For the sake of keeping this post self-contained, I should include a description of how to characterize $\operatorname{Ext}^n$ as $n$-extensions as outlined in this section on Wikipedia.
For two objects $A$ and $B$ in an abelian category, define an $n$-extension of $B$ by $A$, as an exact sequence
$$
0
\to A
\to X_1
\to \dotsb
\to X_n
\to B
\to 0
\,.
$$
Then we want to say two $n$-extensions are equivalent if there are maps $\{f_1, \dotsc,f_n\}$ such that every square in this diagram commutes:
$$
\require{AMScd}
\begin{CD}
0 @>>> A @>>> X_1 @>>> \dotsb @>>> X_n @>>> B @>>> 0\\
@.@V{\mathrm{id}}VV @V{f_1}VV @. @V{f_n}VV @V{\mathrm{id}}VV \\
0 @>>> A @>>> Y_1 @>>> \dotsb @>>> Y_n @>>> B @>>> 0\\
\end{CD}
$$
This relation is clearly reflexive and transitive. Showing that it is symmetric, and can indeed be regarded as an honest equivalence relation takes some work (look for a proof of the short-five lemma to help). Under this relation, there is a set bijection between equivalence classes of $n$-extensions and $\operatorname{Ext}^n(B,A)$.
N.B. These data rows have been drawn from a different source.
(* Let $B$ be a nilpotent $n\times n$ matrix with $\mathrm{sh}(B)=(\lambda,\lambda)$ (so $n=2\lambda$). If $\underline{\mu}=(\mu_1,\ldots,\mu_s)\in\mathcal{P}(\mathcal{N}_B)$, then either $\underline{\mu}=(n)$ or $\mu_1\le\lambda+1$.
   Context: $\mathbb{F}$ is an algebraically closed field of characteristic $0$. For a nilpotent matrix $A$, $\mathrm{sh}(A)$ is the partition of $n$ given by the sizes of the Jordan blocks of its Jordan canonical form; $\mathcal{N}_B$ is the set of nilpotent $n\times n$ matrices over $\mathbb{F}$ commuting with $B$ and $\mathcal{P}(\mathcal{N}_B)=\{\mathrm{sh}(A):A\in\mathcal{N}_B\}$. *)

theory Defs
  imports "Jordan_Normal_Form.Jordan_Normal_Form_Uniqueness"
    "HOL-Computational_Algebra.Polynomial"
    "HOL-Library.Multiset"
begin

definition nilpotent_mat :: "'a :: semiring_1 mat \<Rightarrow> nat \<Rightarrow> bool" where
  "nilpotent_mat A n \<longleftrightarrow> A \<in> carrier_mat n n \<and> (\<exists>k. A ^\<^sub>m k = 0\<^sub>m n n)"

definition sh :: "'a :: field mat \<Rightarrow> nat multiset" where
  "sh A = (THE M. \<exists>n_as. jordan_nf A n_as \<and> M = mset (map fst n_as))"

definition nil_comm :: "'a :: semiring_1 mat \<Rightarrow> nat \<Rightarrow> 'a mat set" where
  "nil_comm B n = {A. nilpotent_mat A n \<and> A * B = B * A}"

definition partitions_of_nil_comm :: "'a :: field mat \<Rightarrow> nat \<Rightarrow> nat multiset set" where
  "partitions_of_nil_comm B n = sh ` nil_comm B n"
lemma tensor_Cons:
  "x \<in> FS \<Longrightarrow> tensor_op p (a # ps) x = (\<lambda>i. p x (snd a) * fst a i + tensor_op p ps x i)"
  by (rule ext) (simp add: tensor_apply)

lemma tensor_append: "tensor_op p (ps @ qs) x i = tensor_op p ps x i + tensor_op p qs x i"
  by (cases "x \<in> FS") (simp_all add: tensor_apply tensor_outside)

lemma tensor_scale_fst:
  "tensor_op p (map (\<lambda>a. (\<lambda>i. c * fst a i, snd a)) ps) x i = c * tensor_op p ps x i"
  by (cases "x \<in> FS") (simp_all add: tensor_apply tensor_outside o_def sum_list_const_mult
      mult.left_commute)

lemma tensor_scale_snd:
  assumes "set ps \<subseteq> FS \<times> FS"
  shows "tensor_op p (map (\<lambda>a. (fst a, \<lambda>i. c * snd a i)) ps) x i = c * tensor_op p ps x i"
proof (cases "x \<in> FS")
  case True
  thus ?thesis using assms by (induction ps) (auto simp: tensor_apply scale_right algebra_simps)
qed (simp add: tensor_outside)

lemma tensor_FS: "set ps \<subseteq> FS \<times> FS \<Longrightarrow> tensor_op p ps x \<in> FS"
proof (cases "x \<in> FS")
  case True
  show "set ps \<subseteq> FS \<times> FS \<Longrightarrow> ?thesis"
    by (induction ps) (auto simp: tensor_Nil tensor_Cons[OF True] intro!: FS_lin)
qed (simp add: tensor_outside)

lemma tensor_bound:
  assumes "set ps \<subseteq> FS \<times> FS"
  shows "\<exists>N. \<forall>x i. N \<le> i \<longrightarrow> tensor_op p ps x i = 0"
proof -
  have "set (map fst ps) \<subseteq> FS" using assms by auto
  then obtain N where N: "\<forall>v\<in>set (map fst ps). \<forall>i\<ge>N. v i = 0"
    using FS_list_bound by blast
  have "tensor_op p ps x i = 0" if "N \<le> i" for x i
  proof (cases "x \<in> FS")
    case True
    have "(\<Sum>a\<leftarrow>ps. p x (snd a) * fst a i) = (\<Sum>a\<leftarrow>ps. 0)"
      by (rule arg_cong[where f=sum_list], rule map_cong) (use N that in auto)
    thus ?thesis using True by (simp add: tensor_apply)
  qed (simp add: tensor_outside)
  thus ?thesis by blast
qed

lemma pair_tensor_left:
  assumes "set ps \<subseteq> FS \<times> FS" "x \<in> FS" "y \<in> FS"
  shows "p (tensor_op p ps x) y = (\<Sum>a\<leftarrow>ps. p x (snd a) * p (fst a) y)"
  using assms(1)
proof (induction ps)
  case (Cons a ps)
  thus ?case using tensor_FS[of ps x] assms(2,3) by (auto simp: tensor_Cons linear_left)
qed (simp add: tensor_Nil assms)

lemma pair_tensor_right:
  assumes "set ps \<subseteq> FS \<times> FS" "x \<in> FS" "y \<in> FS"
  shows "p y (tensor_op p ps x) = (\<Sum>a\<leftarrow>ps. p x (snd a) * p y (fst a))"
  using assms(1)
proof (induction ps)
  case (Cons a ps)
  thus ?case using tensor_FS[of ps x] assms(2,3) by (auto simp: tensor_Cons linear_right)
qed (simp add: tensor_Nil assms)

lemma tensor_zero:
  assumes "set ps \<subseteq> FS \<times> FS"
  shows "tensor_op p ps zv = zv"
  using assms by (induction ps) (auto simp: tensor_Nil tensor_Cons)

lemma glV_FS: "T \<in> glV p \<Longrightarrow> T x \<in> FS"
  unfolding glV_def using tensor_FS by blast

lemma glV_outside: "T \<in> glV p \<Longrightarrow> x \<notin> FS \<Longrightarrow> T x = zv"
  unfolding glV_def using tensor_outside by blast

lemma glV_zero: "T \<in> glV p \<Longrightarrow> T zv = zv"
  unfolding glV_def using tensor_zero by blast

lemma glV_bound: "T \<in> glV p \<Longrightarrow> \<exists>N. \<forall>x i. N \<le> i \<longrightarrow> T x i = 0"
  unfolding glV_def using tensor_bound by blast

lemma glV_opzero: "opzero \<in> glV p"
proof -
  have "opzero = tensor_op p []" by (rule ext) (simp add: tensor_Nil opzero_def)
  thus ?thesis unfolding glV_def by (auto intro!: exI[of _ "[]"])
qed

lemma glV_add:
  assumes "S \<in> glV p" "T \<in> glV p"
  shows "(\<lambda>x i. S x i + T x i) \<in> glV p"
proof -
  obtain ps qs where "set ps \<subseteq> FS \<times> FS" "S = tensor_op p ps"
    and "set qs \<subseteq> FS \<times> FS" "T = tensor_op p qs" using assms unfolding glV_def by blast
  moreover from this have "(\<lambda>x i. S x i + T x i) = tensor_op p (ps @ qs)"
    by (intro ext) (simp add: tensor_append)
  ultimately show ?thesis unfolding glV_def by (auto intro!: exI[of _ "ps @ qs"])
qed

lemma glV_scale:
  assumes "S \<in> glV p"
  shows "(\<lambda>x i. c * S x i) \<in> glV p"
proof -
  obtain ps where ps: "set ps \<subseteq> FS \<times> FS" "S = tensor_op p ps" using assms unfolding glV_def by blast
  let ?qs = "map (\<lambda>a. (\<lambda>i. c * fst a i, snd a)) ps"
  have "set ?qs \<subseteq> FS \<times> FS" using ps(1) FS_scale by auto
  moreover have "(\<lambda>x i. c * S x i) = tensor_op p ?qs" by (intro ext) (simp add: ps(2) tensor_scale_fst)
  ultimately show ?thesis unfolding glV_def by blast
qed

lemma glV_diff: "S \<in> glV p \<Longrightarrow> T \<in> glV p \<Longrightarrow> (\<lambda>x i. S x i - T x i) \<in> glV p"
  using glV_add[OF _ glV_scale[of T "-1"], of S] by simp

text \<open>Composition of finite-rank operators: with S = sum (v (x) w) and T = sum (v' (x) w'),
  S o T = sum <v',w> v (x) w'.\<close>

lemma glV_comp:
  assumes "S \<in> glV p" "T \<in> glV p"
  shows "(\<lambda>x. S (T x)) \<in> glV p"
proof -
  obtain ps qs where ps: "set ps \<subseteq> FS \<times> FS" "S = tensor_op p ps"
    and qs: "set qs \<subseteq> FS \<times> FS" "T = tensor_op p qs" using assms unfolding glV_def by blast
  define rs where "rs = concat (map (\<lambda>a. map (\<lambda>b. (\<lambda>i. p (fst b) (snd a) * fst a i, snd b)) qs) ps)"
  have "set rs \<subseteq> FS \<times> FS" using ps(1) qs(1) FS_scale by (fastforce simp: rs_def)
  moreover have "(\<lambda>x. S (T x)) = tensor_op p rs"
  proof (intro ext)
    fix x i
    show "S (T x) i = tensor_op p rs x i"
    proof (cases "x \<in> FS")
      case x: True
      have "S (T x) i = (\<Sum>a\<leftarrow>ps. p (T x) (snd a) * fst a i)"
        using ps qs x tensor_FS by (simp add: tensor_apply)
      also have "\<dots> = (\<Sum>a\<leftarrow>ps. (\<Sum>b\<leftarrow>qs. p x (snd b) * p (fst b) (snd a)) * fst a i)"
        using ps(1) qs x by (intro arg_cong[where f=sum_list] map_cong) (auto simp: pair_tensor_left)
      also have "\<dots> = tensor_op p rs x i"
        unfolding rs_def tensor_apply[OF x]
        by (induction ps) (simp_all add: sum_list_mult_const[symmetric] o_def mult.assoc)
      finally show ?thesis .
    qed (use ps(1) in \<open>simp add: ps(2) qs(2) tensor_outside tensor_zero\<close>)
  qed
  ultimately show ?thesis unfolding glV_def by blast
qed

lemma glV_opbr: "S \<in> glV p \<Longrightarrow> T \<in> glV p \<Longrightarrow> opbr S T \<in> glV p"
  unfolding opbr_def using glV_diff[OF glV_comp glV_comp] by blast

lemma slV_glV: "T \<in> slV p \<Longrightarrow> T \<in> glV p"
proof -
  assume "T \<in> slV p"
  then obtain abs where abs: "set abs \<subseteq> glV p \<times> glV p"
    and T: "T = (\<lambda>x i. \<Sum>k<length abs. opbr (fst (abs ! k)) (snd (abs ! k)) x i)"
    unfolding slV_def by blast
  have "(\<lambda>x i. \<Sum>a\<leftarrow>abs. opbr (fst a) (snd a) x i) \<in> glV p" using abs
  proof (induction abs)
    case Nil thus ?case using glV_opzero by (simp add: opzero_def)
  next
    case (Cons a abs) thus ?case using glV_add[OF glV_opbr] by auto
  qed
  thus ?thesis by (simp add: T sum_list_sum_nth atLeast0LessThan)
qed

lemma opbr_slV: "S \<in> glV p \<Longrightarrow> T \<in> glV p \<Longrightarrow> opbr S T \<in> slV p"
  unfolding slV_def by (rule CollectI, rule exI[of _ "[(S, T)]"]) (simp add: opbr_def)

lemma glW_zero: "X \<in> glW n p \<Longrightarrow> X i j zv = zv"
  unfolding glW_def using glV_zero by (cases "i < n \<and> j < n") (auto simp: opzero_def)

lemma diag_glW: "A \<in> glV p \<Longrightarrow> diagmap n A \<in> glW n p"
  unfolding glW_def diagmap_def using glV_opzero by auto

lemma rank_one_apply: "y \<in> FS \<Longrightarrow> tensor_op p [(v, w)] y = (\<lambda>i. p y w * v i)"
  by (rule ext) (simp add: tensor_apply)

lemma rank_one_glV: "v \<in> FS \<Longrightarrow> w \<in> FS \<Longrightarrow> tensor_op p [(v, w)] \<in> glV p"
  unfolding glV_def by (auto intro!: exI[of _ "[(v, w)]"])

end

lemma diagmap_inj: "0 < n \<Longrightarrow> diagmap n A = diagmap n B \<Longrightarrow> A = B"
  unfolding diagmap_def by (drule fun_cong[of _ _ 0], drule fun_cong[of _ _ 0]) simp

lemma diagmap_of_blocks:
  assumes X: "\<And>i j. \<not> (i < n \<and> j < n) \<Longrightarrow> X i j = opzero"
    and off_diag: "\<And>i j. i < n \<Longrightarrow> j < n \<Longrightarrow> i \<noteq> j \<Longrightarrow> X i j = opzero"
    and on_diag: "\<And>i. i < n \<Longrightarrow> X i i = X 0 0"
  shows "X = diagmap n (X 0 0)"
proof (rule ext, rule ext)
  fix i j
  show "X i j = diagmap n (X 0 0) i j"
  proof (cases "i < n \<and> j < n")
    case ij: True
    show ?thesis
    proof (cases "i = j")
      case True
      hence "X i j = X 0 0" using on_diag ij by blast
      thus ?thesis using True ij by (simp add: diagmap_def)
    qed (simp add: off_diag ij diagmap_def)
  next
    case False
    thus ?thesis using X[OF False] by (auto simp: diagmap_def)
  qed
qed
We can strengthen this result by imposing a group structure on this set of equivalence classes and saying that it and $\operatorname{Ext}^n(B,A)$ are isomorphic as groups. Let $X_n \times_B Y_n$ be the pullback of $X_n$ and $Y_n$ over $B$, and let $X_1 +_A Y_1$ be the pushout of $X_1$ and $Y_1$ over $A$. Define the Baer sum of the two $n$-extensions above as
$$
0
\to A
\to X_1 +_A Y_1
\to X_2 \oplus Y_2
\to \dotsb
\to X_{n-1} \oplus Y_{n-1}
\to X_n \times_B Y_n
\to B
\to 0
\,.
$$
This is another $n$-extension of $B$ by $A$. The Baer sum imposes a group structure on the set of equivalence classes of $n$-extensions, the identity element being the class of split $n$-extensions with a canonical representative
$$
X_i =
\underbrace{A \oplus \dotsb \oplus A}_{\binom n i \text{ copies}}
\oplus
\underbrace{B \oplus \dotsb \oplus B}_{\binom n {n-i+1} \text{ copies}}
\;,
$$
making it isomorphic to the group $\operatorname{Ext}^n(B,A)$.